Ваша истинная цель, подумал он.
— Моя задача — защитить Николь. Естественно, поскольку вы скоро будете предпринимать резкие выпады в ее сторону…
— Я думаю, вы лжете, — прервал его Конгротян. — Я никогда бы не мог сделать ничего подобного. Не по отношению к Николь.
Уайлдер Пемброук поднял бровь. Затем он повернулся и нажал кнопку лифта, чтобы спуститься вниз в поисках психохимика из АО «Химия».
— Что вам нужно? — спросил Конгротян. Он очень подозрительно относился к людям из НП, так было всегда и так будет, и особенно с тех пор, как национальная полиция появилась в притоне драндулетов и схватила его. А этот человек вызывал у него еще большие подозрения и опасения, хотя он и не понимал почему.
— Я просто делаю свою работу, — повторил Пемброук.
И все же по каким-то необъяснимым причинам Конгротян ему не верил.
— Как вы теперь собираетесь лечиться? — спросил его Пемброук, когда двери лифта открылись. — Поскольку бы вывели из строя человека из АО «Химия»? — Он вошел в лифт, приглашая Конгротяна последовать за ним.
— При помощи моего собственного доктора. Эгон Саперс все же может меня вылечить.
— Вы хотите его видеть? Это можно устроить.
— Да, — живо ответил Конгротян. — И как можно быстрее. Он один во всем мире на моей стороне.
— Я мог бы сам вас туда отвезти, — проговорил Пемброук с задумчивым выражением на непроницаемом, хмуром лице. — Если бы счел нужным… но я не совсем уверен…
— Если вы этого не сделаете, — сказал Конгротян, — я вас подниму здесь, а опущу в Потомаке.
Пемброук пожал плечами.
— Я и не сомневаюсь. Но согласно аппарату фон Лессингера вы, видимо, этого не сделаете. Я полностью полагаюсь на случай.
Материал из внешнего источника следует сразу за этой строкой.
(* Everything reduces to reachability of the districts D of G_{Y*}: the ID algorithm fails
   exactly when one of them is not reachable.

   Fixing is monotone under taking induced subgraphs: a vertex fixable in G(K) stays fixable
   after all of V - K has been fixed, and the first vertex of K fixed by any valid sequence is
   already fixable in G(K).  Hence a reachable R containing D in which no vertex of R - D is
   fixable is the reachable closure of D; by acyclicity every vertex of such an R reaches D by
   directed and by bidirected paths inside R, so R is a D-rooted C-forest.  If D is not
   reachable, R is strictly larger than D and must meet A, for otherwise R would lie in Y* and
   enlarge the district D; thus D and R form a hedge.  Conversely, no non-root vertex of a
   C-forest is fixable in it, so if F and F' form a hedge, the district D containing F cannot
   be reached: the vertices of F' - D could never be fixed. *)

theory Submission
  imports Defs
begin

definition induced :: "'v set \<Rightarrow> ('v \<times> 'v) set \<Rightarrow> ('v \<times> 'v) set \<Rightarrow> 'v cadmg" where
  "induced K Di Bi = (K, {}, Di \<inter> K \<times> K, Bi \<inter> K \<times> K)"

lemma fixable_induced:
  "fixable (induced K Di Bi) j \<longleftrightarrow> j \<in> K \<and>
     \<not> (\<exists>w. w \<noteq> j \<and> (j, w) \<in> (Di \<inter> K \<times> K)\<^sup>* \<and> (j, w) \<in> (Bi \<inter> K \<times> K)\<^sup>*)"
  by (simp add: induced_def fixable_def)

lemma fixable_edge_subset:
  assumes "fixable (R, S, Di, Bi) j" "j \<in> R'" "Di' \<subseteq> Di" "Bi' \<subseteq> Bi"
  shows "fixable (R', S', Di', Bi') j"
  using assms rtrancl_mono[OF assms(3)] rtrancl_mono[OF assms(4)]
  unfolding fixable_def by blast

lemma fold_fix_op:
  "fold fix_op js (R, S, Di, Bi) = (R - set js, set js \<union> S, {(a, b) \<in> Di. b \<notin> set js},
      {(a, b) \<in> Bi. a \<notin> set js \<and> b \<notin> set js})"
  by (induction js arbitrary: R S Di Bi) (auto simp: fix_op_def)

lemma valid_seq_append:
  "valid_seq G (xs @ ys) \<longleftrightarrow> valid_seq G xs \<and> valid_seq (fold fix_op xs G) ys"
  by (induction xs arbitrary: G) auto
(* Consider the two-species chemostat $$\dot x_1=(\mu_1(s)-D(t)-b_1)x_1,\quad \dot x_2=(\mu_2(s)-D(t)-b_2)x_2,\quad \dot s=D(t)(s_{in}(t)-s)-g_1(s)x_1-g_2(s)x_2,$$ with state $(x_1,x_2,s)\in(0,+\infty)^2\times A$ and output $y=s$, in either of the admissible settings described in the context. Define $\kappa(s):=\frac{d}{ds}\ln\left(\frac{g_1(s)}{g_2(s)}\right)$ for $s>0$. Suppose that, for some $r>0$, this system is not strongly observable in time $r$. Then there exist an admissible input $(D,s_{in})$ on $[0,r]$ and an initial condition $(x_0,s_0)$ with $x_0=(x_{1,0},x_{2,0})\in(0,+\infty)^2$, $s_0\in A$, such that the $s$-component $s(t)$ of the corresponding solution satisfies, for almost all $t\in[0,r]$, $$\dot s(t)=D(t)(s_{in}(t)-s(t))-\left(x_{2,0}+\frac{g_1(s_0)}{g_2(s_0)}x_{1,0}\right)g_2(s(t))\exp\left(\int_0^t(\mu_2(s(w))-D(w)-b_2)\,dw\right)$$ and $$\kappa(s(t))\,\dot s(t)=\mu_2(s(t))-\mu_1(s(t))+b_1-b_2 .$$
   Context: For $i=1,2$: $\mu_i,g_i:[0,+\infty)\to[0,+\infty)$ are continuously differentiable bounded functions with $\mu_i(0)=g_i(0)=0$ and $\mu_i(s)>0$, $g_i(s)>0$ for all $s>0$; $b_i\ge 0$ are constants. Admissible settings: either (i) $A=(0,+\infty)$ and the inputs are measurable essentially bounded functions $(D,s_{in})$ with values in $[0,+\infty)^2$; or (ii) $s_{in}(t)\equiv s_{in}>0$ is a fixed constant, $A=(0,s_{in})$, and the input is a measurable essentially bounded $D$ with values in $[0,+\infty)$. For every admissible input and initial state in $(0,+\infty)^2\times A$ there is a unique solution remaining in $(0,+\infty)^2\times A$ for all $t\ge0$. The system is strongly observable in time $r>0$ if for every admissible input on $[0,r]$ and every two distinct initial states in $(0,+\infty)^2\times A$, the $s$-components $s(t),\bar s(t)$ of the two corresponding solutions satisfy $\max_{t\in[0,r]}|s(t)-\bar s(t)|>0$. *)

theory Defs
  imports "HOL-Analysis.Analysis"
begin

definition C1_nonneg :: "(real \<Rightarrow> real) \<Rightarrow> bool" where
  "C1_nonneg f \<longleftrightarrow> (\<exists>f'. continuous_on {0..} f' \<and>
       (\<forall>x\<ge>0. (f has_real_derivative f' x) (at x within {0..})))"

definition rate_fun :: "(real \<Rightarrow> real) \<Rightarrow> bool" where
  "rate_fun f \<longleftrightarrow> C1_nonneg f \<and> bounded (f ` {0..}) \<and> f 0 = 0
      \<and> (\<forall>s\<ge>0. f s \<ge> 0) \<and> (\<forall>s>0. f s > 0)"

text \<open>Admissible settings: sc = None is setting (i), A = (0,+inf), input (D, s_in);
  sc = Some c is setting (ii), s_in constant equal to c > 0, A = (0,c).\<close>
definition state_set :: "real option \<Rightarrow> real set" where
  "state_set sc = (case sc of None \<Rightarrow> {0<..} | Some c \<Rightarrow> {0<..<c})"

definition ess_bounded_on :: "real set \<Rightarrow> (real \<Rightarrow> real) \<Rightarrow> bool" where
  "ess_bounded_on S f \<longleftrightarrow> (\<exists>B. AE t in lebesgue. t \<in> S \<longrightarrow> \<bar>f t\<bar> \<le> B)"

definition admissible_input :: "real option \<Rightarrow> real \<Rightarrow> (real \<Rightarrow> real) \<Rightarrow> (real \<Rightarrow> real) \<Rightarrow> bool" where
  "admissible_input sc r D s_in \<longleftrightarrow>
     D measurable_on {0..r} \<and> ess_bounded_on {0..r} D \<and> (\<forall>t\<in>{0..r}. D t \<ge> 0) \<and>
     (case sc of
        None \<Rightarrow> s_in measurable_on {0..r} \<and> ess_bounded_on {0..r} s_in \<and> (\<forall>t\<in>{0..r}. s_in t \<ge> 0)
      | Some c \<Rightarrow> (\<forall>t\<in>{0..r}. s_in t = c))"

text \<open>(Caratheodory) solution on [0,r] of the chemostat, staying in (0,+inf)^2 x A,
  in integral form: absolutely continuous with the ODE holding a.e.\<close>
definition chemostat_sol ::
  "(real \<Rightarrow> real) \<Rightarrow> (real \<Rightarrow> real) \<Rightarrow> (real \<Rightarrow> real) \<Rightarrow> (real \<Rightarrow> real) \<Rightarrow> real \<Rightarrow> real \<Rightarrow>
   real option \<Rightarrow> real \<Rightarrow> (real \<Rightarrow> real) \<Rightarrow> (real \<Rightarrow> real) \<Rightarrow>
   (real \<Rightarrow> real) \<Rightarrow> (real \<Rightarrow> real) \<Rightarrow> (real \<Rightarrow> real) \<Rightarrow> bool" where
  "chemostat_sol mu1 mu2 g1 g2 b1 b2 sc r D s_in x1 x2 s \<longleftrightarrow>
     (\<forall>t\<in>{0..r}. x1 t > 0 \<and> x2 t > 0 \<and> s t \<in> state_set sc) \<and>
     (\<lambda>w. (mu1 (s w) - D w - b1) * x1 w) absolutely_integrable_on {0..r} \<and>
     (\<lambda>w. (mu2 (s w) - D w - b2) * x2 w) absolutely_integrable_on {0..r} \<and>
     (\<lambda>w. D w * (s_in w - s w) - g1 (s w) * x1 w - g2 (s w) * x2 w) absolutely_integrable_on {0..r} \<and>
     (\<forall>t\<in>{0..r}.
        x1 t = x1 0 + integral {0..t} (\<lambda>w. (mu1 (s w) - D w - b1) * x1 w) \<and>
        x2 t = x2 0 + integral {0..t} (\<lambda>w. (mu2 (s w) - D w - b2) * x2 w) \<and>
        s t = s 0 + integral {0..t} (\<lambda>w. D w * (s_in w - s w) - g1 (s w) * x1 w - g2 (s w) * x2 w))"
— Не думаю, что аппарат фон Лессингера может в точности предсказывать действия таких психов, как я, — раздраженно сказал Конгротян, тоже входя в лифт. — По крайней мере я слышал такое. Мы действуем как беспричинные факторы. — С этим человеком трудно было иметь дело. Это был сильный человек, который ему решительно не нравился. Он ему также не доверял. Может, это просто полицейский менталитет, размышлял он, пока они спускались.
Или что-то большее.
Николь, подумал он. Ты знаешь чертовски хорошо, что я ничего не могу тебе сделать; об этом не может быть и речи — весь мир рухнул бы для меня. Все равно что обидеть мать или сестру, кого-либо святого для меня. Мне нужно сдерживать свой талант, понял он. Пожалуйста, Господи, помоги мне сдерживать свои психокинетические способности, когда я рядом с Николь. Хорошо?
Когда лифт остановился, он пылко ждал ответа.
— Кстати, — прервал его размышления Пемброук, — насчет вашего запаха. Похоже, он исчез.
— Исчез?! — И тут он понял, что значила эта фраза полицейского. — Вы хотите сказать, что чувствовали мой фобический запах тела? Но это невозможно! Этого не может быть… — Он замолчал, смущенный. — И теперь вы говорите, что он исчез?
Пемброук посмотрел на него.
— Я бы его обязательно заметил, сидя в лифте вместе с вами. Конечно, он может вернуться. Я с радостью вас извещу, если это случится.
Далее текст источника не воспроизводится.